■ Problem details
Filter the entries below down to the lines that hold "range".

■ Record set
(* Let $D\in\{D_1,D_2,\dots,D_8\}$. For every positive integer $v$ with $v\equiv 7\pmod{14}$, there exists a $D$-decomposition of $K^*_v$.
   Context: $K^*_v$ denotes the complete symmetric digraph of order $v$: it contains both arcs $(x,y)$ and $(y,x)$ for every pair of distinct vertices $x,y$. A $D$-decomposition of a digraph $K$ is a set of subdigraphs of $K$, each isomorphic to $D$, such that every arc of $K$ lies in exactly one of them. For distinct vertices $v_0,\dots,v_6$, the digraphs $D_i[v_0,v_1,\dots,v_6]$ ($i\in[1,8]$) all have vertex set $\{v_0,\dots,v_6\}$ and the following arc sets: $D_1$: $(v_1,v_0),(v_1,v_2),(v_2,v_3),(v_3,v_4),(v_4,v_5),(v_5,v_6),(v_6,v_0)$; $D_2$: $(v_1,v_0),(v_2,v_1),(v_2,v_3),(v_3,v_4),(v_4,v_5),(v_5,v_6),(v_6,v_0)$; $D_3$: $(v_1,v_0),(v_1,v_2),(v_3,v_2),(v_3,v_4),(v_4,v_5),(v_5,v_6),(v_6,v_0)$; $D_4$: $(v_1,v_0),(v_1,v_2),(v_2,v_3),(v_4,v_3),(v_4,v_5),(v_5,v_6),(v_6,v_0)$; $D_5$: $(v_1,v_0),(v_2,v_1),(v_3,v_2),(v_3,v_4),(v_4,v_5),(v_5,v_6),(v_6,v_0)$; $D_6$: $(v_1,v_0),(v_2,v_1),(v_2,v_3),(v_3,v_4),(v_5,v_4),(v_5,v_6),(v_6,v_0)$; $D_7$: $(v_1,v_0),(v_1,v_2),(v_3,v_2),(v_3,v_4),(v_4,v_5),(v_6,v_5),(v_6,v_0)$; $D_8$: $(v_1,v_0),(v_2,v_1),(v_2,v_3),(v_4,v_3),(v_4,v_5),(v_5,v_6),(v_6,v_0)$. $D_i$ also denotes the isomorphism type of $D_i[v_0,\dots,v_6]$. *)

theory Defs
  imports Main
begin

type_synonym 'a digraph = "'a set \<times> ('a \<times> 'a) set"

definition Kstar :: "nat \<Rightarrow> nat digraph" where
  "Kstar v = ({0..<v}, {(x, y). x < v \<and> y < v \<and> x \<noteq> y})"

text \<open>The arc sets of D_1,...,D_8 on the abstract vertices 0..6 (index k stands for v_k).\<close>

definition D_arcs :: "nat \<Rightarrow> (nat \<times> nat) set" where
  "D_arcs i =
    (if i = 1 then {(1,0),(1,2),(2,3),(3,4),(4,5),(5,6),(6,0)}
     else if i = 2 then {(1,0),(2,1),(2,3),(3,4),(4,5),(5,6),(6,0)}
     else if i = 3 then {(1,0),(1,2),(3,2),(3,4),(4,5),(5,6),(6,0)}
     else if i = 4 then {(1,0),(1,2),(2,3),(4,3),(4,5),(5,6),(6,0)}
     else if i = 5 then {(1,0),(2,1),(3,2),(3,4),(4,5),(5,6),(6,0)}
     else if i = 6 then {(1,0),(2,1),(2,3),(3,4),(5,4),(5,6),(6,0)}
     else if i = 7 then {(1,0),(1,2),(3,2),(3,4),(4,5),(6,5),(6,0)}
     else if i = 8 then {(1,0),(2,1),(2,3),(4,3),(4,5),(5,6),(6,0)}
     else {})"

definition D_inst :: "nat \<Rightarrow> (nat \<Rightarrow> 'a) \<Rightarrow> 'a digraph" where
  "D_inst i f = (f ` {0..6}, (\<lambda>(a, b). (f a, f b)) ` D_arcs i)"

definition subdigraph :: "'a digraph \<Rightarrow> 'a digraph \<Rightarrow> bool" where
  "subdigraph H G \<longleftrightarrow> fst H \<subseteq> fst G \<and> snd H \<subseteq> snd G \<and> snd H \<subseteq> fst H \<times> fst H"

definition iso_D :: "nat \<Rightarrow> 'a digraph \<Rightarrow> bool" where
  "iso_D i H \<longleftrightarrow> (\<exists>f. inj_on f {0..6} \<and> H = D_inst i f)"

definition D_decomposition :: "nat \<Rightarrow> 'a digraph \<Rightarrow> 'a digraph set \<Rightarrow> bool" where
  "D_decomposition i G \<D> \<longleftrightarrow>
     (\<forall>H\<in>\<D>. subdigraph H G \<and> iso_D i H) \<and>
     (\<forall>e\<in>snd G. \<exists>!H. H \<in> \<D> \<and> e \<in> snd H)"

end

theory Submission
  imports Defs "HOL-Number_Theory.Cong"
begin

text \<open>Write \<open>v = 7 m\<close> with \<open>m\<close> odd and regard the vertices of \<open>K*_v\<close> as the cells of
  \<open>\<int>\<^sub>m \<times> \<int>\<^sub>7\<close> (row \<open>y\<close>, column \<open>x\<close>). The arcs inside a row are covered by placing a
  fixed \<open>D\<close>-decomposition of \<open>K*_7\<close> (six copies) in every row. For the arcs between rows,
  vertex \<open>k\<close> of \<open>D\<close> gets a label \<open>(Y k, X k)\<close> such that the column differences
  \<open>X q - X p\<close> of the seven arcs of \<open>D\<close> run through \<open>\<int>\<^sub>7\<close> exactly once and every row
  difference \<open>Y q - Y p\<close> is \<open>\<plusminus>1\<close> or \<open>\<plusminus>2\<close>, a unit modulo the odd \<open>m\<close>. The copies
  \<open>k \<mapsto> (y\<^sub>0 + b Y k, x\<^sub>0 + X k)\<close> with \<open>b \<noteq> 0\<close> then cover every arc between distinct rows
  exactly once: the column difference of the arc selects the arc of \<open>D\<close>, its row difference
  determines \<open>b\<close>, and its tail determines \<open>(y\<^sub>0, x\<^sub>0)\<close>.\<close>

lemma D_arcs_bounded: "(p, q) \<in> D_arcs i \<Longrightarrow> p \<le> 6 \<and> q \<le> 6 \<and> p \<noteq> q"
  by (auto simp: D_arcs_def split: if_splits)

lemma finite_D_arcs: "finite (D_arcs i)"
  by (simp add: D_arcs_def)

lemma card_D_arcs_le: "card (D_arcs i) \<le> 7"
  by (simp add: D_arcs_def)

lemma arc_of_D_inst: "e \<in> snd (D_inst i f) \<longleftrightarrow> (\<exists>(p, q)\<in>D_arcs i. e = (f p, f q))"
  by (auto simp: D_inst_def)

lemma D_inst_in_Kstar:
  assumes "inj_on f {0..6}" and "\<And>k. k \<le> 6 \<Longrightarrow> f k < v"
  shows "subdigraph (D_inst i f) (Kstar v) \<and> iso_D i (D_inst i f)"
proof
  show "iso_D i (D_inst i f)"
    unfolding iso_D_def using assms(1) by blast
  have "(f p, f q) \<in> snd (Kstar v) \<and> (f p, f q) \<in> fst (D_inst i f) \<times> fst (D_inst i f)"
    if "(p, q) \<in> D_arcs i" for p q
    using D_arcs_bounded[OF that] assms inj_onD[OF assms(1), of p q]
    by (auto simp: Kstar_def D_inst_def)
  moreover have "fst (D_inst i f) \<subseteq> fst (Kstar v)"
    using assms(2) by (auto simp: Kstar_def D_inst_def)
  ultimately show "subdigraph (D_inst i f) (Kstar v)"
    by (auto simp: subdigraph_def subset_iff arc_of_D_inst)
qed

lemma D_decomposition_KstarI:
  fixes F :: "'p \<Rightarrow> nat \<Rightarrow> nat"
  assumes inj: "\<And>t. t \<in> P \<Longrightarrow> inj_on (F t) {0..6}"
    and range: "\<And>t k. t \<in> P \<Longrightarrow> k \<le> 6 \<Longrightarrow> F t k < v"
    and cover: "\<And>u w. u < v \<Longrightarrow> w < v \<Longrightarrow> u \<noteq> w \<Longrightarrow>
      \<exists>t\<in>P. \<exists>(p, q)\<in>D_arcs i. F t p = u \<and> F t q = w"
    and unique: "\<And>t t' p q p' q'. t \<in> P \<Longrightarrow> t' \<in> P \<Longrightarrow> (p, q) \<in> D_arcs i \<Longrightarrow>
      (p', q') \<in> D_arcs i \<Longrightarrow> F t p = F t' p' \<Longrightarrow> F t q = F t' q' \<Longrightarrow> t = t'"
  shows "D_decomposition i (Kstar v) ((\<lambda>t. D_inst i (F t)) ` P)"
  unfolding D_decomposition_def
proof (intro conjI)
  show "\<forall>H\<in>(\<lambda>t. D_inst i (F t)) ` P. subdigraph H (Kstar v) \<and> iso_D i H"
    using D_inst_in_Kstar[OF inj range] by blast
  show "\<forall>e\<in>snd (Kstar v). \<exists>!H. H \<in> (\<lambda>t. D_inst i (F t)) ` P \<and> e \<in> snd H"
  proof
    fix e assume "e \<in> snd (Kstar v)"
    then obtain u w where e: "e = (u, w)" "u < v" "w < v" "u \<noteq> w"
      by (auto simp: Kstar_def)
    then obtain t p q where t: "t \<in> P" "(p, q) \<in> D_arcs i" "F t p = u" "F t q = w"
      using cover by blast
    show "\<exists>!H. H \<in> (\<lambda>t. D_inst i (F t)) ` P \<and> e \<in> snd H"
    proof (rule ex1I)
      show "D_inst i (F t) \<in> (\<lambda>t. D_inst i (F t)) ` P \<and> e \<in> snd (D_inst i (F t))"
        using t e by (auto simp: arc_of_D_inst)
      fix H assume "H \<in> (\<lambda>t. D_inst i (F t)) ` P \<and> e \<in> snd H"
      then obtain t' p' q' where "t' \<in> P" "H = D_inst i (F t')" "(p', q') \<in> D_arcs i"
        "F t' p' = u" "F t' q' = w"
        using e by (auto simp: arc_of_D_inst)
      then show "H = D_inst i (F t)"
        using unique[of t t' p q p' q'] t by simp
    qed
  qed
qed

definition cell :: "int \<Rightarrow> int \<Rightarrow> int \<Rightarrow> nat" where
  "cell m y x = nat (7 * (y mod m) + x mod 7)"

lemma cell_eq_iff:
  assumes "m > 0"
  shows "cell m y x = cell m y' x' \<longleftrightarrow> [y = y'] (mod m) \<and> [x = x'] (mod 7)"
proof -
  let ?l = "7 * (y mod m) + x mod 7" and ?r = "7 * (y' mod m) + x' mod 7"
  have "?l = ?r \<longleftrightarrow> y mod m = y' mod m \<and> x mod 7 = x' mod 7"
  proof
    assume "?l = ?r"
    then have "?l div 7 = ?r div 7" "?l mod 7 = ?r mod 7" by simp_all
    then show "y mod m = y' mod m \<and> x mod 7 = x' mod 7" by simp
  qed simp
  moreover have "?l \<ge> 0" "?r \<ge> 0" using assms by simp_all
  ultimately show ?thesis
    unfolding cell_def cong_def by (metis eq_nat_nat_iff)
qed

■ Answer for this exercise
    and range: "\<And>t k. t \<in> P \<Longrightarrow> k \<le> 6 \<Longrightarrow> F t k < v"
    using D_inst_in_Kstar[OF inj range] by blast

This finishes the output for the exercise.